Task to complete -
Starting at the line containing "induced by U" and ending at the line containing "A in S (otherwise", print every line of the material below exactly, both ends included, and stop there.

☆ ☆ ☆ ☆ ☆ ☆ ☆

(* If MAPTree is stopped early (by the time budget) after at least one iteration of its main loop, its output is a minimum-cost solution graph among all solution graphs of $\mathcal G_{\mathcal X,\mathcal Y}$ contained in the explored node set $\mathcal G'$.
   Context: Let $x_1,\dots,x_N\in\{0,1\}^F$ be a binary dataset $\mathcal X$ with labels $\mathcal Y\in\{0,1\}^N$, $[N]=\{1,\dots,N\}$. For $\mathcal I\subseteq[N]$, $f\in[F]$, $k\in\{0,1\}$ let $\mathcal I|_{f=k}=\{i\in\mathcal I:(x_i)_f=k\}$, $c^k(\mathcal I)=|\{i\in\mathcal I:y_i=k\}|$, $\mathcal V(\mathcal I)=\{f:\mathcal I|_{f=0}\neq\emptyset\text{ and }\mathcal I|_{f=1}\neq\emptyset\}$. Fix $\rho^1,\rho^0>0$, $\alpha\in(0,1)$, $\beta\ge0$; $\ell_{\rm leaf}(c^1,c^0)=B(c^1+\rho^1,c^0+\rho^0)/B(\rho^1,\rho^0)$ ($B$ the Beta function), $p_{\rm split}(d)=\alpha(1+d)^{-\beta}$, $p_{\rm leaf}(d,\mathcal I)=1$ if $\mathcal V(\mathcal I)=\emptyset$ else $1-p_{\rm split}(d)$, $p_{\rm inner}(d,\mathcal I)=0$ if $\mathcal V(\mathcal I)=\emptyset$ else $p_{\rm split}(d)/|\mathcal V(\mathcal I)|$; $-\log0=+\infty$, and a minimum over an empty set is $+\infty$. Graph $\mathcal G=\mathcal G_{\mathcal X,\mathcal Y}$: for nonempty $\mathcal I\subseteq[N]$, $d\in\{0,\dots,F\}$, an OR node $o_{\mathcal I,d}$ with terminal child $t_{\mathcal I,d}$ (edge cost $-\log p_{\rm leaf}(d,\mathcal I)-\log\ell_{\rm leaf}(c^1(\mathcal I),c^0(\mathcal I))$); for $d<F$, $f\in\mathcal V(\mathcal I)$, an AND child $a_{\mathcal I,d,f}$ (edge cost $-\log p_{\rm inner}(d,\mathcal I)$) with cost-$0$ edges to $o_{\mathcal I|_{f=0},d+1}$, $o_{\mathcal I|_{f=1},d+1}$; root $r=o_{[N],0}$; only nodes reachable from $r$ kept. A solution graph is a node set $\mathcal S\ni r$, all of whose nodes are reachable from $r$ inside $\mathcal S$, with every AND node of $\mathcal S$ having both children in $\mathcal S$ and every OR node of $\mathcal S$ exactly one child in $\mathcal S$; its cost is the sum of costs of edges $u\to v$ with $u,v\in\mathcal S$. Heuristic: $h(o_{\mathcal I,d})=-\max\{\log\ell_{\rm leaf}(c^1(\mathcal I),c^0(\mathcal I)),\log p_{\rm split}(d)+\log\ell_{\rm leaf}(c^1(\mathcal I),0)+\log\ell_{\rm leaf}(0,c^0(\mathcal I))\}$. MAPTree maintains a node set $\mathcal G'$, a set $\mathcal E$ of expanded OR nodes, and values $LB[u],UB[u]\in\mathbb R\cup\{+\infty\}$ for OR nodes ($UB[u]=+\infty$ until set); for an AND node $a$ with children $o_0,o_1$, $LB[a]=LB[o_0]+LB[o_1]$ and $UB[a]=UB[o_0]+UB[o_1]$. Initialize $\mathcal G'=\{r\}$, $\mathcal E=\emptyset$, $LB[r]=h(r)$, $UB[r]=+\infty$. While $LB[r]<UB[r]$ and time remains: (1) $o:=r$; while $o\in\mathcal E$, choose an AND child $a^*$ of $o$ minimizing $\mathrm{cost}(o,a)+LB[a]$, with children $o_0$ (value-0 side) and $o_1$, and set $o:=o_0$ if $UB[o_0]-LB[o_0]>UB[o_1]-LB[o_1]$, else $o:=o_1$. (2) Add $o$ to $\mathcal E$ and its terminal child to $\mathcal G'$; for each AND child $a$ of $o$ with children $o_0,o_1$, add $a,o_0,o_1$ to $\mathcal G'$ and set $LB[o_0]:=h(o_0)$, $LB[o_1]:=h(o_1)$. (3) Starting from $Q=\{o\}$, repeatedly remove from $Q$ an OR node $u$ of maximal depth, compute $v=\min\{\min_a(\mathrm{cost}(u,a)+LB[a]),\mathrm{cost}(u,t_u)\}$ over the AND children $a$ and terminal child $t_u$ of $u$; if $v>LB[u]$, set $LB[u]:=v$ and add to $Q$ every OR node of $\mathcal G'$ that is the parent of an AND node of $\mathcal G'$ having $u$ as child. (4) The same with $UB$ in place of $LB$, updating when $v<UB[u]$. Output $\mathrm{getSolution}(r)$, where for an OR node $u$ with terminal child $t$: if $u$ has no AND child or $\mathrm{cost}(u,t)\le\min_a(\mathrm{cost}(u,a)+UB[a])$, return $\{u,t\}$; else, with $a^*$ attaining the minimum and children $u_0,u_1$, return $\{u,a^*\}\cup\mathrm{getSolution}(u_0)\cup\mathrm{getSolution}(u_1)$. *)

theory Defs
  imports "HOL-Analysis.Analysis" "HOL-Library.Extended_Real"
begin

☆ ☆ ☆ ☆ ☆ ☆ ☆

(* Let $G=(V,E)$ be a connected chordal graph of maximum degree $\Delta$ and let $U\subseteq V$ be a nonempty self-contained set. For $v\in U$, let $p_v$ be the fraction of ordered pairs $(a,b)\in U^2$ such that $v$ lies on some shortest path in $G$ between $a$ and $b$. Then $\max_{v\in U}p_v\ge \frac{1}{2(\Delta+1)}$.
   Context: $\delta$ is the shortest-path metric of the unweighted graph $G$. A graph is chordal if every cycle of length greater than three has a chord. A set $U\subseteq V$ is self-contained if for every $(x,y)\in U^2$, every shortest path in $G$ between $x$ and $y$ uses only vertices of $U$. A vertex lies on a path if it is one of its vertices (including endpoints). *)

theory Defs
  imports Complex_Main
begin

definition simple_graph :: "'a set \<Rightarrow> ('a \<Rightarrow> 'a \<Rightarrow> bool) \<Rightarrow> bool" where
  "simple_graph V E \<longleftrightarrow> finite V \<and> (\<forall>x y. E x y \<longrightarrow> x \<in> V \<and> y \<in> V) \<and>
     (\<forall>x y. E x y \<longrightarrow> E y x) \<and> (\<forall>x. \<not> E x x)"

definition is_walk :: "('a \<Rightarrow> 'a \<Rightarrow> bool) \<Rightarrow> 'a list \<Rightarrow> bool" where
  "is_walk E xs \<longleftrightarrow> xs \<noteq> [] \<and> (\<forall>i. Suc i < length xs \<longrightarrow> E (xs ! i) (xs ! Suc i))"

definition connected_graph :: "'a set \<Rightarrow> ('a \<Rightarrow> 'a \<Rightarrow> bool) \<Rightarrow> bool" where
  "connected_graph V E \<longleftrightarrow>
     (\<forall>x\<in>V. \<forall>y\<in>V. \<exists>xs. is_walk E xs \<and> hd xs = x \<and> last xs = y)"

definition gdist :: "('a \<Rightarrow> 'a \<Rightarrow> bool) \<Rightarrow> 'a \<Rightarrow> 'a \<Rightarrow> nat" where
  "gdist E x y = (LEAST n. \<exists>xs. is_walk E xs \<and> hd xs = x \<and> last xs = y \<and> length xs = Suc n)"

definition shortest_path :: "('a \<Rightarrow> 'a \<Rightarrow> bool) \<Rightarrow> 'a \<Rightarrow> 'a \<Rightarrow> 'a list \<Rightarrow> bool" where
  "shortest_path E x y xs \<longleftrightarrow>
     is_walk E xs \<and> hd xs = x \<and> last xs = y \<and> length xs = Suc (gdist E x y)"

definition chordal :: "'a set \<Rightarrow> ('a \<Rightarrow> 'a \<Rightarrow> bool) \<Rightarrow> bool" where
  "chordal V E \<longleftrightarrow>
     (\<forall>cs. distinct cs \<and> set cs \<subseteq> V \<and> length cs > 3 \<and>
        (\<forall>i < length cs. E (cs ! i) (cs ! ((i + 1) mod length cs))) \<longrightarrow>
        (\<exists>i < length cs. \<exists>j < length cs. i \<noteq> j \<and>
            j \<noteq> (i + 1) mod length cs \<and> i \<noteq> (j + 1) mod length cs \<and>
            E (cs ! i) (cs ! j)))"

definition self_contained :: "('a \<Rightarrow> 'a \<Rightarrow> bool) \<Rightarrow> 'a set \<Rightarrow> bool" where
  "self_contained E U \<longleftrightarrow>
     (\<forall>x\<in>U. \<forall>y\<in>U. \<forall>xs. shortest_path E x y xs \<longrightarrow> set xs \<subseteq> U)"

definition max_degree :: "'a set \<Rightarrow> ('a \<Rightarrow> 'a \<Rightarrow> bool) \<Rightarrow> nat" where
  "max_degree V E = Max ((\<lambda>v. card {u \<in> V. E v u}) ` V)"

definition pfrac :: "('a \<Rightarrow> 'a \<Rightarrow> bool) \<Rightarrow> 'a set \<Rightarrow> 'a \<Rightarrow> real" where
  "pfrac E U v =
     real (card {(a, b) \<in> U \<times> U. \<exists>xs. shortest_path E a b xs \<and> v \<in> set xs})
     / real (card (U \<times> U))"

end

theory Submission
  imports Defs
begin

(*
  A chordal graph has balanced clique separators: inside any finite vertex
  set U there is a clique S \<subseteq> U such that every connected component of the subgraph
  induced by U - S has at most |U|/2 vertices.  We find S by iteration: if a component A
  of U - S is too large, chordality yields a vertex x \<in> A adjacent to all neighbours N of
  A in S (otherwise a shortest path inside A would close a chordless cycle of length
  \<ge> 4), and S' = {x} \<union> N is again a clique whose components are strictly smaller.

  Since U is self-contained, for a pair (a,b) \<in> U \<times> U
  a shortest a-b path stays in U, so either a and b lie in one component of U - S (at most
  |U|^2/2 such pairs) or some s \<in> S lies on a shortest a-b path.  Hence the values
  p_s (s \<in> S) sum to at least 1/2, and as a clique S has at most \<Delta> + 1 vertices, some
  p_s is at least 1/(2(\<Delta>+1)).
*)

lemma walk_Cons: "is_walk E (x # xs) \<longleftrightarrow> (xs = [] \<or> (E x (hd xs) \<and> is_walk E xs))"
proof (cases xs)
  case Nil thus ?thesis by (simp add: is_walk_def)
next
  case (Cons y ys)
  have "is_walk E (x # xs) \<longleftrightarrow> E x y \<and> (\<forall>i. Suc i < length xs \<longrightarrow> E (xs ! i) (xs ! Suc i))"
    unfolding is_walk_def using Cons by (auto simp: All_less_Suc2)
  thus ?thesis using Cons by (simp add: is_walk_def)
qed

☆ ☆ ☆ ☆ ☆ ☆ ☆

Result for this task -
  induced by U - S has at most |U|/2 vertices.  We find S by iteration: if a component A
  of U - S is too large, chordality yields a vertex x \<in> A adjacent to all neighbours N of
  A in S (otherwise a shortest path inside A would close a chordless cycle of length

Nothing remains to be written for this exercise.